▶ **Problem**:
Retype each line below without a single alteration.

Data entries
━━━━
(* Let $B$ be an S-open subset of ${}^*\mathbb{C}^n$, $a\in B$ a bounded point, and $f:B\to{}^*\mathbb{C}$ an internal holomorphic function on $B$ which is bounded at every point of the halo $\mu(a)$. Then there exists an S-open neighbourhood $V$ of $a$ such that: (i) $f$ is S-continuous at every point of $V$; (ii) there is a holomorphic function ${}^\circ f:{}^\circ V\to\mathbb{C}$ such that $f(z)\approx{}^\circ f({}^\circ z)$ for the points $z\in V$ with ${}^\circ z\in{}^\circ V$, and ${}^\circ(\partial^\alpha f)=\partial^\alpha({}^\circ f)$ for every $\alpha\in\mathbb{N}^n$; (iii) if ${}^\circ f$ is not constant on ${}^\circ V$, then $f(\mu(a))=\mu(f(a))$.
   Context: ${}^*\mathbb{C}$ is the ultrapower of $\mathbb{C}$ by a nonprincipal ultrafilter $\mathcal{U}$ on $\mathbb{N}$. A point of ${}^*\mathbb{C}^n$ is bounded if its coordinates have modulus $\le r$ for some standard real $r$; bounded points $z$ have a standard part ${}^\circ z\in\mathbb{C}^n$; $x\approx y$ means $|x-y|$ is infinitesimal, and $\mu(x)=\{y: y\approx x\}$. The S-topology on ${}^*\mathbb{C}^n$ has basis the S-balls $\{q: {}^\circ|q-p|<r\}$ ($p\in{}^*\mathbb{C}^n$, $r>0$ standard real). An internal function $f=[f_i]$ on an internal set $D=[D_i]\subset{}^*\mathbb{C}^n$ is internal holomorphic if $\{i: D_i \text{ open and } f_i \text{ holomorphic on } D_i\}\in\mathcal{U}$; $\partial^\alpha f:=[\partial^\alpha f_i]$. $f$ is S-continuous at $z$ if $f(\mu(z))\subset\mu(f(z))$. For $V\subset{}^*\mathbb{C}^n$, ${}^\circ V=\{x\in\mathbb{C}^n:\mu(x)\cap V\neq\emptyset\}$. For a function $g$ bounded and S-continuous near a standard point $x$, ${}^\circ g(x)$ is the standard part of $g(x)$. *)

theory Defs
  imports "HOL-Analysis.Analysis"
begin

definition nonprincipal_ultrafilter :: "nat set set \<Rightarrow> bool" where
  "nonprincipal_ultrafilter U \<longleftrightarrow>
     (\<forall>A B. A \<in> U \<longrightarrow> A \<subseteq> B \<longrightarrow> B \<in> U) \<and>
     (\<forall>A B. A \<in> U \<longrightarrow> B \<in> U \<longrightarrow> A \<inter> B \<in> U) \<and>
     {} \<notin> U \<and>
     (\<forall>A. A \<in> U \<or> - A \<in> U) \<and>
     (\<forall>A. finite A \<longrightarrow> A \<notin> U)"

text \<open>Elements of the ultrapower are represented by sequences; two sequences
  represent the same element iff they agree on a set in U.\<close>
definition eqU :: "nat set set \<Rightarrow> (nat \<Rightarrow> 'a) \<Rightarrow> (nat \<Rightarrow> 'a) \<Rightarrow> bool" where
  "eqU U x y \<longleftrightarrow> {i. x i = y i} \<in> U"

definition hstar :: "'a \<Rightarrow> nat \<Rightarrow> 'a" where
  "hstar x = (\<lambda>_. x)"

definition hbounded :: "nat set set \<Rightarrow> (nat \<Rightarrow> 'a::real_normed_vector) \<Rightarrow> bool" where
  "hbounded U s \<longleftrightarrow> (\<exists>r::real. {i. norm (s i) \<le> r} \<in> U)"

definition hinfinitesimal :: "nat set set \<Rightarrow> (nat \<Rightarrow> 'a::real_normed_vector) \<Rightarrow> bool" where
  "hinfinitesimal U s \<longleftrightarrow> (\<forall>e::real. e > 0 \<longrightarrow> {i. norm (s i) < e} \<in> U)"

definition happrox :: "nat set set \<Rightarrow> (nat \<Rightarrow> 'a::real_normed_vector) \<Rightarrow> (nat \<Rightarrow> 'a) \<Rightarrow> bool" where
  "happrox U x y \<longleftrightarrow> hinfinitesimal U (\<lambda>i. x i - y i)"

definition hst :: "nat set set \<Rightarrow> (nat \<Rightarrow> 'a::real_normed_vector) \<Rightarrow> 'a" where
  "hst U s = (THE c. happrox U s (hstar c))"

definition halo :: "nat set set \<Rightarrow> (nat \<Rightarrow> 'a::real_normed_vector) \<Rightarrow> (nat \<Rightarrow> 'a) set" where
  "halo U x = {y. happrox U y x}"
━━━━
▶ **Response**:
(* Let $B$ be an S-open subset of ${}^*\mathbb{C}^n$, $a\in B$ a bounded point, and $f:B\to{}^*\mathbb{C}$ an internal holomorphic function on $B$ which is bounded at every point of the halo $\mu(a)$. Then there exists an S-open neighbourhood $V$ of $a$ such that: (i) $f$ is S-continuous at every point of $V$; (ii) there is a holomorphic function ${}^\circ f:{}^\circ V\to\mathbb{C}$ such that $f(z)\approx{}^\circ f({}^\circ z)$ for the points $z\in V$ with ${}^\circ z\in{}^\circ V$, and ${}^\circ(\partial^\alpha f)=\partial^\alpha({}^\circ f)$ for every $\alpha\in\mathbb{N}^n$; (iii) if ${}^\circ f$ is not constant on ${}^\circ V$, then $f(\mu(a))=\mu(f(a))$.
   Context: ${}^*\mathbb{C}$ is the ultrapower of $\mathbb{C}$ by a nonprincipal ultrafilter $\mathcal{U}$ on $\mathbb{N}$. A point of ${}^*\mathbb{C}^n$ is bounded if its coordinates have modulus $\le r$ for some standard real $r$; bounded points $z$ have a standard part ${}^\circ z\in\mathbb{C}^n$; $x\approx y$ means $|x-y|$ is infinitesimal, and $\mu(x)=\{y: y\approx x\}$. The S-topology on ${}^*\mathbb{C}^n$ has basis the S-balls $\{q: {}^\circ|q-p|<r\}$ ($p\in{}^*\mathbb{C}^n$, $r>0$ standard real). An internal function $f=[f_i]$ on an internal set $D=[D_i]\subset{}^*\mathbb{C}^n$ is internal holomorphic if $\{i: D_i \text{ open and } f_i \text{ holomorphic on } D_i\}\in\mathcal{U}$; $\partial^\alpha f:=[\partial^\alpha f_i]$. $f$ is S-continuous at $z$ if $f(\mu(z))\subset\mu(f(z))$. For $V\subset{}^*\mathbb{C}^n$, ${}^\circ V=\{x\in\mathbb{C}^n:\mu(x)\cap V\neq\emptyset\}$. For a function $g$ bounded and S-continuous near a standard point $x$, ${}^\circ g(x)$ is the standard part of $g(x)$. *)

theory Defs
  imports "HOL-Analysis.Analysis"
begin

definition nonprincipal_ultrafilter :: "nat set set \<Rightarrow> bool" where
  "nonprincipal_ultrafilter U \<longleftrightarrow>
     (\<forall>A B. A \<in> U \<longrightarrow> A \<subseteq> B \<longrightarrow> B \<in> U) \<and>
     (\<forall>A B. A \<in> U \<longrightarrow> B \<in> U \<longrightarrow> A \<inter> B \<in> U) \<and>
     {} \<notin> U \<and>
     (\<forall>A. A \<in> U \<or> - A \<in> U) \<and>
     (\<forall>A. finite A \<longrightarrow> A \<notin> U)"

text \<open>Elements of the ultrapower are represented by sequences; two sequences
  represent the same element iff they agree on a set in U.\<close>
definition eqU :: "nat set set \<Rightarrow> (nat \<Rightarrow> 'a) \<Rightarrow> (nat \<Rightarrow> 'a) \<Rightarrow> bool" where
  "eqU U x y \<longleftrightarrow> {i. x i = y i} \<in> U"

definition hstar :: "'a \<Rightarrow> nat \<Rightarrow> 'a" where
  "hstar x = (\<lambda>_. x)"

definition hbounded :: "nat set set \<Rightarrow> (nat \<Rightarrow> 'a::real_normed_vector) \<Rightarrow> bool" where
  "hbounded U s \<longleftrightarrow> (\<exists>r::real. {i. norm (s i) \<le> r} \<in> U)"

definition hinfinitesimal :: "nat set set \<Rightarrow> (nat \<Rightarrow> 'a::real_normed_vector) \<Rightarrow> bool" where
  "hinfinitesimal U s \<longleftrightarrow> (\<forall>e::real. e > 0 \<longrightarrow> {i. norm (s i) < e} \<in> U)"

definition happrox :: "nat set set \<Rightarrow> (nat \<Rightarrow> 'a::real_normed_vector) \<Rightarrow> (nat \<Rightarrow> 'a) \<Rightarrow> bool" where
  "happrox U x y \<longleftrightarrow> hinfinitesimal U (\<lambda>i. x i - y i)"

definition hst :: "nat set set \<Rightarrow> (nat \<Rightarrow> 'a::real_normed_vector) \<Rightarrow> 'a" where
  "hst U s = (THE c. happrox U s (hstar c))"

definition halo :: "nat set set \<Rightarrow> (nat \<Rightarrow> 'a::real_normed_vector) \<Rightarrow> (nat \<Rightarrow> 'a) set" where
  "halo U x = {y. happrox U y x}"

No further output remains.